Workshops are a great way to collaborate and solve complex problems together - here are a few tips for facilitating

Ghyston
Ghyston

At Ghyston, we tend not to have meetings. You know the ones – the sort that take 3 times as long as scheduled and conclude 3 times less than you planned. We prefer to go to the extremes - strictly short stand-ups and long intensive workshops.

  • In stand-ups everyone on a team briefly says what they are working on today and if collaboration may help them.
  • In workshops a whole team works on specific problems holistically – and give equal space to all proposed solutions.

In a workshop, a facilitator facilitates and participants participate. They are active and creatively challenging. Guaranteed to give you better perspective by the time it’s over. The job of the facilitator is to have all the right questions but none of the answers, to fully write it up afterwards, and make sure everyone feels empowered to input, discuss and evaluate. Alison Coward discusses these in her book 'Effective Workshops' - see a video on the Bracket Creative website.

We use many different exercises and techniques to unlock creativity and draw out insights from the team. This produces unequivocally better solutions, because ideas don’t happen at your desk, and design doesn't happen alone. It happens by collaboration, bringing out each other’s skill sets and enhancing ideas. Whilst allowing a safe space to explore any idea, workshops also help to make sense of the creativity overload and then bring it all back into pragmatic decisions. A few tips from the front line:

  • Set at least some parameters (surprisingly this is when we are most creative) but get everyone's agreement on those parameters and if you don't get that agreement - change them.
  • Try not talking for a while. As a facilitator, don't be afraid of losing your audience, try silence once in a while and let the discussion/exercise flow. Like in interviews, the best insights often come when someone fills the silence with a clarification or a deliberation.
  • Stop yourself whenever you are bringing your own ideas to the table. The net value of the workshop will increase if you bring nothing! You will have thoughts and opinions, of course. If someone says something you hadn't thought about at all - stop a second and take it in, and then ask the group to elaborate on it.
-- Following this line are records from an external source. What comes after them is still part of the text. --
section \<open>Integrals of Gaussians in \<open>cos \<phi>\<close>\<close>

lemma half_le_sin: fixes t :: real assumes "0 \<le> t" "t \<le> pi/2" shows "t/2 \<le> sin t"
proof -
  define h where "h x = sin x - x/2" for x :: real
  have D: "DERIV h x :> cos x - 1/2" for x unfolding h_def by (auto intro!: derivative_eq_intros)
  show ?thesis
  proof (cases "t \<le> pi/3")
    case True
    have "h 0 \<le> h t"
    proof (rule DERIV_nonneg_imp_nondecreasing[OF assms(1)])
      fix x assume x: "0 \<le> x" "x \<le> t"
      have "cos (pi/3) \<le> cos x" using x True by (intro cos_monotone_0_pi_le) auto
      then show "\<exists>y. DERIV h x :> y \<and> 0 \<le> y"
        using D by (intro exI[of _ "cos x - 1/2"]) (auto simp: cos_60)
    qed
    then show ?thesis by (simp add: h_def)
  next
    case False
    have "h (pi/2) \<le> h t"
    proof (rule DERIV_nonpos_imp_nonincreasing[OF assms(2)])
      fix x assume x: "t \<le> x" "x \<le> pi/2"
      have "cos x \<le> cos (pi/3)" using x False by (intro cos_monotone_0_pi_le) auto
      then show "\<exists>y. DERIV h x :> y \<and> y \<le> 0"
        using D by (intro exI[of _ "cos x - 1/2"]) (auto simp: cos_60)
    qed
    moreover have "h (pi/2) \<ge> 0" unfolding h_def using pi_less_4 by simp
    ultimately show ?thesis by (simp add: h_def)
  qed
qed

lemma sin_squared_ge: fixes t :: real assumes "\<bar>t\<bar> \<le> pi/2" shows "t^2/4 \<le> sin t ^ 2"
proof -
  have "\<bar>t\<bar>/2 \<le> sin \<bar>t\<bar>" using assms by (intro half_le_sin) auto
  then have "(\<bar>t\<bar>/2)^2 \<le> sin \<bar>t\<bar> ^ 2" by (intro power_mono) auto
  moreover have "sin \<bar>t\<bar> ^ 2 = sin t ^ 2" by (cases "t \<ge> 0") auto
  ultimately show ?thesis by (simp add: power_divide)
qed

lemma lorentzian_integral:
  fixes M e :: real assumes M: "M > 0"
  shows "(\<lambda>x. 1 / (1 + M * (x - e)^2)) integrable_on {0..2*pi}"
    and "integral {0..2*pi} (\<lambda>x. 1 / (1 + M * (x - e)^2)) \<le> pi / sqrt M"
proof -
  have "((\<lambda>x. arctan (sqrt M * (x - e)) / sqrt M) has_real_derivative 1 / (1 + M * (x - e)^2))
      (at x within {0..2*pi})" for x
    using M by (auto intro!: derivative_eq_intros simp: power_mult_distrib divide_simps)
  then have int: "((\<lambda>x. 1 / (1 + M * (x - e)^2)) has_integral
      (arctan (sqrt M * (2*pi - e)) - arctan (sqrt M * (0 - e))) / sqrt M) {0..2*pi}"
    by (subst diff_divide_distrib, intro fundamental_theorem_of_calculus)
       (auto simp flip: has_real_derivative_iff_has_vector_derivative)
  then show "(\<lambda>x. 1 / (1 + M * (x - e)^2)) integrable_on {0..2*pi}" by blast
  have "arctan (sqrt M * (2*pi - e)) - arctan (sqrt M * (0 - e)) \<le> pi"
    using arctan_ubound[of "sqrt M * (2*pi - e)"] arctan_lbound[of "sqrt M * (0 - e)"] by linarith
  then show "integral {0..2*pi} (\<lambda>x. 1 / (1 + M * (x - e)^2)) \<le> pi / sqrt M"
    unfolding integral_unique[OF int] using M by (intro divide_right_mono) auto
qed

definition bump :: "real \<Rightarrow> real \<Rightarrow> real \<Rightarrow> real" where
  "bump N c \<phi> = 1 / (1 + N * sin ((\<phi> - c) / 2)^2)"

lemma bump_le_lorentzians:
  fixes N c \<phi> :: real
  assumes N: "N > 0" and c: "-pi \<le> c" "c \<le> pi" and \<phi>: "\<phi> \<in> {0..2*pi}"
  shows "bump N c \<phi> \<le> 1 / (1 + N/16 * (\<phi> - c)^2) + 1 / (1 + N/16 * (\<phi> - (c + 2*pi))^2)"
proof -
  \<comment> \<open>\<open>sin\<^sup>2\<close> has period \<open>pi\<close>, so on \<open>[0, 2*pi]\<close> the bump may also peak at \<open>\<phi> = c + 2*pi\<close>\<close>
  define y where "y = (\<phi> - c) / 2"
  have y: "-pi/2 \<le> y" "y \<le> 3*pi/2" using \<phi> c unfolding y_def by auto
  have pos: "0 < 1 + N/16 * (\<phi> - c)^2" "0 < 1 + N/16 * (\<phi> - (c + 2*pi))^2"
    using N by (auto intro: add_pos_nonneg)
  have le: "bump N c \<phi> \<le> 1 / (1 + N/16 * (2 * x)^2)" if "\<bar>x\<bar> \<le> pi/2" "sin x ^ 2 = sin y ^ 2" for x
  proof -
    have "N/16 * (2 * x)^2 \<le> N * sin y ^ 2"
      using sin_squared_ge[OF that(1)] N that(2) by (simp add: power_mult_distrib)
    then show ?thesis unfolding bump_def y_def[symmetric] using N
      by (intro divide_left_mono) (auto intro!: mult_pos_pos add_pos_nonneg)
  qed
  show ?thesis
  proof (cases "y \<le> pi/2")
    case True
    have "\<bar>y\<bar> \<le> pi/2" using True y by auto
    from le[OF this refl] have "bump N c \<phi> \<le> 1 / (1 + N/16 * (\<phi> - c)^2)"
      by (simp only: y_def times_divide_eq_right nonzero_mult_div_cancel_left zero_neq_numeral)
    then show ?thesis using pos by (intro add_increasing2) simp_all
  next
    case False
    have "\<bar>y - pi\<bar> \<le> pi/2" using False y unfolding abs_le_iff by linarith
    moreover have "sin (y - pi) ^ 2 = sin y ^ 2" by (simp add: sin_diff)
    moreover have "2 * (y - pi) = \<phi> - (c + 2*pi)" by (simp add: y_def field_simps)
    ultimately have "bump N c \<phi> \<le> 1 / (1 + N/16 * (\<phi> - (c + 2*pi))^2)"
      using le[of "y - pi"] by (simp only:)
    then show ?thesis using pos by (intro add_increasing) simp_all
  qed
qed

lemma bump_integral:
  fixes N c :: real assumes N: "N > 0" and c: "-pi \<le> c" "c \<le> pi"
  shows "bump N c integrable_on {0..2*pi}" and "integral {0..2*pi} (bump N c) \<le> 8*pi / sqrt N"
proof -
  have "1 + N * s^2 \<noteq> 0" for s using N add_pos_nonneg[of 1 "N * s^2"] by auto
  then show int: "bump N c integrable_on {0..2*pi}"
    unfolding bump_def[abs_def] by (intro integrable_continuous_interval continuous_intros) auto
  have M: "N/16 > 0" using N by simp
  note L1 = lorentzian_integral[OF M, of c] and L2 = lorentzian_integral[OF M, of "c + 2*pi"]
  have "integral {0..2*pi} (bump N c) \<le>
      integral {0..2*pi} (\<lambda>\<phi>. 1 / (1 + N/16 * (\<phi> - c)^2) + 1 / (1 + N/16 * (\<phi> - (c + 2*pi))^2))"
    using L1(1) L2(1) by (intro integral_le int integrable_add bump_le_lorentzians N c)
  also have "\<dots> \<le> pi / sqrt (N/16) + pi / sqrt (N/16)"
    using L1 L2 by (simp add: integral_add)
  also have "\<dots> = 8*pi / sqrt N" by (simp add: real_sqrt_divide)
  finally show "integral {0..2*pi} (bump N c) \<le> 8*pi / sqrt N" .
qed

definition cos_root :: "real \<Rightarrow> real" where
  "cos_root v = arccos (max (-1) (min 1 v))"

lemma cos_root_bounds: "0 \<le> cos_root v" "cos_root v \<le> pi"
  unfolding cos_root_def by (simp_all add: arccos_lbound arccos_ubound)

lemma cos_sub_squared_inside:
  fixes v \<phi> :: real
  assumes v: "\<bar>v\<bar> \<le> 1"
  defines "sA \<equiv> sin ((\<phi> - cos_root v) / 2)^2" and "sB \<equiv> sin ((\<phi> + cos_root v) / 2)^2"
  shows "(cos \<phi> - v)^2 = 4 * sA * sB" and "1 - v^2 \<le> 4 * max sA sB"
proof -
  define \<psi> where "\<psi> = cos_root v"
  define A where "A = (\<phi> + \<psi>) / 2"
  define B where "B = (\<phi> - \<psi>) / 2"
  have \<psi>: "cos \<psi> = v" "sin \<psi> ^ 2 = 1 - v^2"
    unfolding \<psi>_def cos_root_def using v sin_squared_eq[of "arccos v"] by (simp_all add: abs_le_iff)
  have "cos \<phi> - v = - 2 * sin A * sin B"
    using cos_diff_cos[of \<phi> \<psi>] sin_minus[of "(\<phi> - \<psi>) / 2"] unfolding A_def B_def \<psi>(1)
    by (simp add: minus_divide_left)
  then show "(cos \<phi> - v)^2 = 4 * sA * sB"
    unfolding sA_def sB_def \<psi>_def[symmetric] A_def B_def by (simp add: power_mult_distrib)
  have "A - B = \<psi>" by (simp add: A_def B_def field_simps)
  then have "\<bar>sin \<psi>\<bar> = \<bar>sin A * cos B - cos A * sin B\<bar>" by (simp flip: sin_diff)
  also have "\<dots> \<le> \<bar>sin A\<bar> + \<bar>sin B\<bar>"
    using abs_triangle_ineq4[of "sin A * cos B" "cos A * sin B"]
      mult_right_le_one_le[of "\<bar>sin A\<bar>" "\<bar>cos B\<bar>"] mult_left_le_one_le[of "\<bar>sin B\<bar>" "\<bar>cos A\<bar>"]
    by (simp add: abs_mult mult.commute)
  finally have "\<bar>sin \<psi>\<bar>^2 \<le> (\<bar>sin A\<bar> + \<bar>sin B\<bar>)^2" by (intro power_mono) auto
  then have "1 - v^2 \<le> (\<bar>sin A\<bar> + \<bar>sin B\<bar>)^2" using \<psi>(2) by simp
  also have "\<dots> \<le> 2 * (sin A ^ 2 + sin B ^ 2)"
    using sum_squares_ge_zero[of "\<bar>sin A\<bar> - \<bar>sin B\<bar>" 0] by (simp add: power2_eq_square algebra_simps)
  also have "\<dots> \<le> 4 * max sA sB"
    unfolding sA_def sB_def \<psi>_def[symmetric] A_def B_def by (simp add: max_def)
  finally show "1 - v^2 \<le> 4 * max sA sB" .
qed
We run workshops at any stage of a project. Near the beginning we may do less solution design, and more problem-framing. It is imperative that we tackle the right problems – and this means defining them properly. You’d be surprised at how much this reveals. Throughout a project we’ll take one large area of functionality or one concept and focus on just that, often for a whole day or two. Depending on the project, we may run workshops focussing on a feature roadmap, technical design, UI design, or retrospectives on how we are working together. Whatever the focus, they are fun, challenging, effective, and will inspire you to run your meetings this way too.